Nonetheless, the retailer during the quarter made progress in its three-year turnaround plan, which it initially announced last October.
Bed Bath & Beyond repurchased 3 million shares during the quarter and is about 20% through its share repurchase program. It also remodeled 70 stores in the period, partnered with Ryder to modernize its supply chain and launched six of the eight owned brands it plans to roll out by February.
To the latter point, the retailer said it has exceeded its private label penetration goal for the fiscal year, with the brands performing even better within the retailer's recent remodeled stores. The company is on track to launch two more private labels in Q3.
"As always with turnarounds, our paths will be dynamic, but we're confident and committed to our three-year goals and beyond. Our foundation is strong strategically, operationally and financially," Tritton said. "With our strategy in play and the hard learnings from Q2, we are well positioned to continue delivering on our transformation. We have the plan, the team and the capital to unlock our potential."

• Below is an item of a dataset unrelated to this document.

(* Let $H$ be a finite abelian group with $\operatorname{rank}(H)=s$, and let $(H,\mathcal S,\mathcal W)$ be a tame decomposition configuration. Then there is a positive integer $n$ and a tame decomposition configuration $(G,\mathcal T,\mathcal Z)$ with $G=(\mathbb{Z}/n\mathbb{Z})^s$ that has $(H,\mathcal S,\mathcal W)$ as a quotient. In particular, if $(H,\mathcal S)$ is a tame ramification configuration, then there is a tame ramification configuration $(G,\mathcal T)$ with $G=(\mathbb{Z}/n\mathbb{Z})^s$ for some positive integer $n$ which has $(H,\mathcal S)$ as a quotient.
   Context: For a finite group $G$, $\operatorname{rank}(G)$ is the minimal number of elements of $G$ which together with all their conjugates generate $G$ (for abelian $G$, the minimal number of generators). A (minimal) tame ramification configuration is a pair $(G,\mathcal T)$ with $G$ finite of rank $s$ and $\mathcal T=\{T_1,\dots,T_s\}$ cyclic subgroups of $G$ which together with their conjugates generate $G$. A (minimal) tame decomposition configuration is a triple $(G,\mathcal T,\mathcal Z)$ with $(G,\mathcal T)$ a tame ramification configuration and $\mathcal Z=\{Z_1,\dots,Z_s\}$ subgroups of $G$ with $T_i$ normal in $Z_i$ and $Z_i/T_i$ cyclic. $(H,\mathcal S)$ is a quotient of $(G,\mathcal T)$ if $\operatorname{rank}(H)=\operatorname{rank}(G)$ and there is a surjective homomorphism $\pi:G\to H$ with $\pi(T_i)=S_i$ for all $i$; $(H,\mathcal S,\mathcal W)$ is a quotient of $(G,\mathcal T,\mathcal Z)$ if moreover $\pi(Z_i)=W_i$ for all $i$. *)

theory Defs
  imports "HOL-Algebra.Algebra"
begin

As a result of its performance from the first half of the year, Bed Bath & Beyond adjusted its guidance for the third quarter and fiscal year. The retailer now expects net sales to be between $1.96 billion and $2 billion in the third quarter, which includes Black Friday, and gross margin between 34% and 35%. For the full year, Bed Bath & Beyond expects net sales to be between $8.1 billion and $8.3 billion, down from previous projections of between $8.2 billion and $8.4 billion.